I love my Pilot 46mm. I had no intentions of even buying it until I saw the real thing in person and on my wrist. I have smaller wrist (6.25inches) but I couldn't pass up at how clean the whole case and dial look. Mine is the gray dial with the light brown strap.

I'm having the same issue with the strap, but that doesn't deter my faith in Hamilton. This is was my second and have no problems whatsoever with either one. My Khaki King Scuba easily contends against my Omega Planet Ocean for accuracy. I'm probably going to buy an aftermarket carbon fiber looking band from strappedfortime.com.

Enjoy yours!


----------



## Flipstar (Jul 14, 2013)




----------



## fjblair (Apr 24, 2009)

I want this watch so bad but it wears so incredibly large I can't pull the trigger. It looks like a pocket watch on a strap.


----------



## Shawnny (Mar 12, 2010)

fjblair said:


> I want this watch so bad but it wears so incredibly large I can't pull the trigger. It looks like a pocket watch on a strap.

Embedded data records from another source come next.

lemma admissible_component:
  assumes hyp: "hypergraph H" and at: "atomic H" and sat: "saturated H"
    and adm: "admissible H M" and Z: "Z \<in> maximal_members H"
  shows "admissible (restr H Z) (restr M Z)"
proof -
  have MH: "M \<subseteq> H" and anti: "antichains_miss H M" using adm unfolding admissible_def by auto
  have "restr M Z \<subseteq> restr H Z" using MH unfolding restr_def by blast
  moreover have "antichains_miss (restr H Z) (restr M Z)"
    by (rule antichains_miss_mono[OF anti restr_subset restr_subset])
  moreover have "card (restr M Z) = card (\<Union>(restr H Z))"
    using card_restr_maximal_member[OF hyp sat adm Z] Union_component[OF at Z] by simp
  ultimately show ?thesis unfolding admissible_def by simp
qed

(* Inductive step when the carrier is not an edge: H is disconnected, its
   components form the finest hypergraph partition, each is strictly smaller,
   and M is glued from constructions of its restrictions to the components. *)
lemma construction_components:
  fixes H M :: "'a set set"
  assumes IH: "\<And>H' M' :: 'a set set. card (\<Union>H') < card (\<Union>H) \<Longrightarrow> hypergraph H' \<Longrightarrow> atomic H'
      \<Longrightarrow> saturated H' \<Longrightarrow> admissible H' M' \<Longrightarrow> construction H' M'"
    and hyp: "hypergraph H" and at: "atomic H" and sat: "saturated H"
    and adm: "admissible H M" and VnH: "\<Union>H \<notin> H" and Hne: "H \<noteq> {}"
  shows "construction H M"
proof -
  have finH: "finite H" and finU: "finite (\<Union>H)" using hyp unfolding hypergraph_def by auto
  have MH: "M \<subseteq> H" using adm unfolding admissible_def by simp
  have two: "2 \<le> card (components H)" by (rule two_components[OF hyp at VnH Hne])
  have fin: "finest_hpartition H (components H)" by (rule finest_hpartition_components[OF hyp at sat])
  have ncon: "\<not> hconnected H"
  proof
    assume "hconnected H"
    hence "components H = {H}"
      using fin hpartition_trivial[OF hyp Hne] unfolding hconnected_def finest_hpartition_def by blast
    thus False using two by simp
  qed
  have parts: "construction B (restr M (\<Union>B))" if inB: "B \<in> components H" for B
  proof -
    obtain Z where Z: "Z \<in> maximal_members H" and B: "B = restr H Z"
      using inB unfolding components_def by blast
    have UB: "\<Union>B = Z" using Union_component[OF at Z] B by simp
    have "Z \<in> H" using Z maximal_members_subset by blast
    hence "Z \<subset> \<Union>H" using VnH by blast
    hence smaller: "card (\<Union>B) < card (\<Union>H)" using psubset_card_mono[OF finU] UB by simp
    show ?thesis
      using IH[OF smaller] admissible_component[OF hyp at sat adm Z]
        hypergraph_restr[OF hyp] atomic_restr[OF at] saturated_restr[OF sat] UB B
      by simp
  qed
  have "construction H (\<Union>B\<in>components H. restr M (\<Union>B))"
    by (rule construction.disc[OF hyp at ncon fin two]) (use parts in blast)
  moreover have "(\<Union>B\<in>components H. restr M (\<Union>B)) = M"
    using restr_maximal_members_cover[OF finH MH] Union_component[OF at]
    unfolding components_def by simp
  ultimately show ?thesis by simp
qed

lemma construction_if_admissible:
  fixes H M :: "'a set set"
  assumes "hypergraph H" "atomic H" "saturated H" "admissible H M"
  shows "construction H M"
  using assms
proof (induction "card (\<Union>H)" arbitrary: H M rule: less_induct)
  case less
  consider "H = {}" | "\<Union>H \<in> H" | "\<Union>H \<notin> H" "H \<noteq> {}" by blast
  thus ?case
  proof cases
    case 1
    hence "M = {}" using less.prems(4) unfolding admissible_def by blast
    thus ?thesis using 1 construction.empty by simp
  next
    case 2
    show ?thesis by (rule construction_carrier_edge[OF less.hyps less.prems 2])
  next
    case 3
    show ?thesis by (rule construction_components[OF less.hyps less.prems 3])
  qed
qed

theorem proposition6p11:
  fixes H M :: "'a set set"
  assumes "hypergraph H" and "ASC H" and "M \<subseteq> H"
  shows "((\<forall>S. antichain M S \<longrightarrow> misses H S) \<and> card M = card (\<Union>H))
         \<longleftrightarrow> construction H M"
proof
  assume "(\<forall>S. antichain M S \<longrightarrow> misses H S) \<and> card M = card (\<Union>H)"
  hence "admissible H M" using assms(3) unfolding admissible_def antichains_miss_def by simp
  thus "construction H M"
    using construction_if_admissible assms(1,2) unfolding ASC_def by blast
next
  assume "construction H M"
  hence "construction_inv H M" by (rule construction_inv_if_construction)
  thus "(\<forall>S. antichain M S \<longrightarrow> misses H S) \<and> card M = card (\<Union>H)"
    unfolding construction_inv_def antichains_miss_def by simp
qed

end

That's what the smaller version is for. It's just not an auto.


----------



## thegrants82 (May 20, 2010)

Flipstar said:


> View attachment 1177287
> View attachment 1177288
> View attachment 1177289
> View attachment 1177291
> ...


Sorry but thats silly big.


----------



## Flipstar (Jul 14, 2013)

I wouldn't consider this watch silly big, it all depends on how big your wrist is, and what suits you.

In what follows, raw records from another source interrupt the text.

definition naive_est :: "nat \<Rightarrow> (nat \<Rightarrow> nat \<Rightarrow> real) \<Rightarrow> (nat \<Rightarrow> nat \<Rightarrow> nat) \<Rightarrow> nat \<Rightarrow> real" where
  "naive_est m S n j =
     (let mj = {i. i < m \<and> S i j > 0}
      in (1 / real (card mj)) * (\<Sum>i\<in>mj. real (n i j) / S i j))"

definition mean_one_pos_density :: "(real \<Rightarrow> real) \<Rightarrow> bool" where
  "mean_one_pos_density f \<longleftrightarrow>
     f \<in> borel_measurable borel \<and> (\<forall>a. 0 \<le> f a) \<and> (\<forall>a\<le>0. f a = 0) \<and>
     integrable lborel f \<and> integral\<^sup>L lborel f = 1 \<and>
     integrable lborel (\<lambda>a. a * f a) \<and> integral\<^sup>L lborel (\<lambda>a. a * f a) = 1"

definition RE_lik :: "nat \<Rightarrow> nat \<Rightarrow> (nat \<Rightarrow> nat \<Rightarrow> real) \<Rightarrow> (nat \<Rightarrow> nat \<Rightarrow> nat)
    \<Rightarrow> ('t \<Rightarrow> real \<Rightarrow> real) \<Rightarrow> (nat \<Rightarrow> real) \<Rightarrow> 't \<Rightarrow> real" where
  "RE_lik m J S n h lam \<theta> =
     (\<Prod>i<m. \<integral>a. (\<Prod>j<J. exp (- (lam j * a * S i j)) * (lam j * a * S i j) ^ (n i j)
                          / fact (n i j)) * h \<theta> a \<partial>lborel)"

definition is_RE_est :: "nat \<Rightarrow> nat \<Rightarrow> (nat \<Rightarrow> nat \<Rightarrow> real) \<Rightarrow> (nat \<Rightarrow> nat \<Rightarrow> nat)
    \<Rightarrow> ('t \<Rightarrow> real \<Rightarrow> real) \<Rightarrow> 't set \<Rightarrow> (nat \<Rightarrow> real) \<Rightarrow> 't \<Rightarrow> bool" where
  "is_RE_est m J S n h \<Theta> lam \<theta> \<longleftrightarrow>
     (\<forall>j<J. lam j > 0) \<and> \<theta> \<in> \<Theta> \<and>
     (\<forall>lam' \<theta>'. (\<forall>j<J. lam' j > 0) \<and> \<theta>' \<in> \<Theta> \<longrightarrow>
        RE_lik m J S n h lam' \<theta>' \<le> RE_lik m J S n h lam \<theta>)"

definition is_CML_est :: "nat \<Rightarrow> nat \<Rightarrow> (nat \<Rightarrow> nat \<Rightarrow> real) \<Rightarrow> (nat \<Rightarrow> nat \<Rightarrow> nat)
    \<Rightarrow> (nat \<Rightarrow> real) \<Rightarrow> bool" where
  "is_CML_est m J S n lam \<longleftrightarrow>
     (\<forall>j<J. lam j > 0) \<and>
     (\<forall>k<J. (\<Sum>i<m. real (n i k) / lam k
               - real (row_total J n i) / (\<Sum>j'<J. S i j' * lam j') * S i k) = 0)"

end

theory Submission
  imports Defs
begin

(* With common surfaces S_j the naive estimator is n_.j / (m S_j), and in the CML score
   equations every shoe has the same denominator D, so the j-th equation says that
   n_.j / lambda_j is (sum_i n_i / D) S_j.  For the random effects estimator the likelihood
   factors as prod_l (lambda_l S_l)^(n_.l) times a positive function of sum_l lambda_l S_l.
   Hence at a maximizer x_l = lambda_l S_l maximizes the multinomial likelihood prod_l x_l^(n_.l)
   among positive vectors with the same total, and moving mass between two coordinates shows
   that such a maximizer is proportional to the column totals n_.l. *)

lemma power_div_fact_le_exp:
  fixes y :: real
  assumes "0 \<le> y"
  shows "y ^ q / fact q \<le> exp y"
proof -
  have "y ^ q /\<^sub>R fact q \<le> (\<Sum>i. y ^ i /\<^sub>R fact i)"
    using sum_le_suminf[OF summable_exp_generic[of y], of "{q}"] assms by simp
  then show ?thesis by (simp add: exp_def divide_inverse mult.commute)
qed

lemma exp_neg_mult_power_le:
  fixes s a :: real
  assumes "0 < s" "0 \<le> a"
  shows "exp (- (s * a)) * a ^ r \<le> fact r / s ^ r"
proof -
  have "(s * a) ^ r / fact r \<le> exp (s * a)"
    using assms by (intro power_div_fact_le_exp) simp
  then show ?thesis
    using assms by (simp add: exp_minus power_mult_distrib field_simps)
qed

lemma prod_poisson_weights_factor:
  fixes x :: "'a \<Rightarrow> real" and q :: "'a \<Rightarrow> nat"
  assumes "finite I"
  shows "(\<Prod>l\<in>I. exp (- (x l * a)) * (x l * a) ^ q l / fact (q l))
       = (\<Prod>l\<in>I. x l ^ q l / fact (q l)) * (exp (- ((\<Sum>l\<in>I. x l) * a)) * a ^ (\<Sum>l\<in>I. q l))"
proof -
  have "(\<Prod>l\<in>I. exp (- (x l * a)) * (x l * a) ^ q l / fact (q l))
      = (\<Prod>l\<in>I. x l ^ q l / fact (q l) * (exp (- (x l * a)) * a ^ q l))"
    by (intro prod.cong refl) (simp add: power_mult_distrib field_simps)
  also have "\<dots> = (\<Prod>l\<in>I. x l ^ q l / fact (q l)) * ((\<Prod>l\<in>I. exp (- (x l * a))) * (\<Prod>l\<in>I. a ^ q l))"
    by (simp only: prod.distrib)
  also have "(\<Prod>l\<in>I. exp (- (x l * a))) = exp (- ((\<Sum>l\<in>I. x l) * a))"
    using assms by (simp add: sum_distrib_right sum_negf[symmetric] exp_sum)
  finally show ?thesis
    by (simp add: power_sum)
qed

lemma integral_mult_density_pos:
  fixes f g :: "real \<Rightarrow> real"
  assumes f: "f \<in> borel_measurable borel" "\<And>a. 0 < a \<Longrightarrow> 0 < f a" "\<And>a. 0 \<le> a \<Longrightarrow> f a \<le> C"
    and g: "integrable lborel g" "\<And>a. 0 \<le> g a" "\<And>a. a \<le> 0 \<Longrightarrow> g a = 0"
      "integral\<^sup>L lborel g \<noteq> 0"
  shows "0 < (\<integral>a. f a * g a \<partial>lborel)"
proof -
  have nonneg: "0 \<le> f a * g a" for a
    using f(2)[of a] g(2,3)[of a] by (cases "0 < a") auto
  have bound: "norm (f a * g a) \<le> C * g a" for a
  proof (cases "0 < a")
    case True
    then show ?thesis
      using f(2,3)[of a] g(2)[of a] by (simp add: mult_right_mono)
  next
    case False
    then show ?thesis
      using g(3)[of a] by simp
  qed
  have "(\<lambda>a. f a * g a) \<in> borel_measurable lborel"
    using f(1) borel_measurable_integrable[OF g(1)] by simp
  moreover have "norm (f a * g a) \<le> norm (C * g a)" for a
    using bound[of a] by simp
  ultimately have int: "integrable lborel (\<lambda>a. f a * g a)"
    using Bochner_Integration.integrable_bound[OF integrable_mult_right[OF g(1), of C]] by blast
  have "\<not> (AE a in lborel. f a * g a = 0)"
  proof
    assume "AE a in lborel. f a * g a = 0"
    then have "AE a in lborel. g a = 0"
    proof eventually_elim
      case (elim a)
      then show ?case
        using f(2)[of a] g(3)[of a] by (cases "0 < a") auto
    qed
    then have "integral\<^sup>L lborel g = 0"
      using integral_cong_AE[of g lborel "\<lambda>_. 0"] borel_measurable_integrable[OF g(1)] by simp
    with g(4) show False ..
  qed
  with int nonneg have "(\<integral>a. f a * g a \<partial>lborel) \<noteq> 0"
    by (simp add: integral_nonneg_eq_0_iff_AE)
  moreover have "0 \<le> (\<integral>a. f a * g a \<partial>lborel)"
    using nonneg by (simp add: integral_nonneg)
  ultimately show ?thesis
    by simp
qed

This watch wears beautifully on the wrist and I receive alot of complements.

If you think this watch is silly, take a look at some of the Breitlings 46mm+ and the Seamaster planet ocean chrono (45.5 mm) Very stunning & sought after watches.

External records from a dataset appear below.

lemma stat_compact_stat_topology: "stat_compact (stat_topology X)"
  unfolding stat_compact_def
proof (intro allI impI)
  fix M x
  assume seq: "is_seq (stat_topology X) M x \<and> nonthin M"
  then have car: "\<forall>n\<in>M. x n \<in> stat_carrier X"
    by (simp add: is_seq_def topspace_stat_topology)
  show "\<exists>N a. N \<subseteq> M \<and> infinite N \<and> nonthin N \<and> a \<in> topspace (stat_topology X) \<and>
          stat_conv (stat_topology X) N x a"
  proof (cases "\<exists>C. closed_stat_compact X C \<and> nonthin {n\<in>M. x n \<in> Some ` C}")
    case True
    then obtain C where C: "closedin X C" "stat_compact (subtopology X C)"
      and part: "nonthin {n\<in>M. x n \<in> Some ` C}"
      by (auto simp: closed_stat_compact_def)
    define y where "y n = the (x n)" for n
    have "\<forall>n\<in>{n\<in>M. x n \<in> Some ` C}. y n \<in> topspace X \<inter> C"
      using closedin_subset[OF C(1)] by (auto simp: y_def)
    with C(2) part obtain N a where N: "N \<subseteq> {n\<in>M. x n \<in> Some ` C}" "nonthin N" "stat_conv X N y a"
      by (rule stat_compact_subtopologyE)
    have "\<forall>n\<in>N. x n = Some (y n)"
      using N(1) by (auto simp: y_def)
    then have "stat_conv (stat_topology X) N x (Some a)"
      by (rule stat_conv_continuous_map[OF continuous_map_Some_stat_topology N(3)])
    moreover have "N \<subseteq> M" "infinite N"
      using N(1,2) nonthin_infinite by auto
    ultimately show ?thesis
      using N(2) by (intro exI[of _ N] exI[of _ "Some a"]) (simp add: stat_conv_topspace)
  next
    case False
    then have "stat_conv (stat_topology X) M x None"
      using seq car by (intro stat_conv_stat_topology_None) auto
    then show ?thesis
      using seq nonthin_infinite by (intro exI[of _ M] exI[of _ None]) (simp add: stat_conv_topspace)
  qed
qed

theorem mainTheorem17:
  fixes X :: "'a topology"
  assumes "\<not> stat_compact X"
  shows "istopology (\<lambda>U. U \<in> stat_opens X)
       \<and> \<Union>(stat_opens X) = stat_carrier X
       \<and> stat_compact (topology (\<lambda>U. U \<in> stat_opens X))"
  using istopology_stat_opens Union_stat_opens stat_compact_stat_topology
  unfolding stat_topology_def by blast

end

All depends on your style and what you like in a watch.


----------



## Hands of Time (Dec 2, 2013)

Can anyone measure the lug to lug for me? It seems like the perfect watch for me but don't know if its just too big for me.


----------



## Shawnny (Mar 12, 2010)

Hands of Time said:


> Can anyone measure the lug to lug for me? It seems like the perfect watch for me but don't know if its just too big for me.


I just measured with some calipers and got 53mm. The lugs are angled, so I measured from the inside part, which is the longest. The outside of the lug is probably about 4mm shorter. Spring bar center to spring bar center is 48mm.


----------



## Shawnny (Mar 12, 2010)

Here's mine.


----------



## Hands of Time (Dec 2, 2013)

Shawnny said:


> I just measured with some calipers and got 53mm. The lugs are angled, so I measured from the inside part, which is the longest. The outside of the lug is probably about 4mm shorter. Spring bar center to spring bar center is 48mm.


Thank you so much! This was just what I wanted and even more. Now to make a model...


----------



## RC927 (Dec 18, 2013)

Just ordered the 38mm pilot automatic. The 46mm would have been too big. I'll try to post pictures when I receive it.


----------



## Hands of Time (Dec 2, 2013)

RC927 said:


> Just ordered the 38mm pilot automatic. The 46mm would have been too big. I'll try to post pictures when I receive it.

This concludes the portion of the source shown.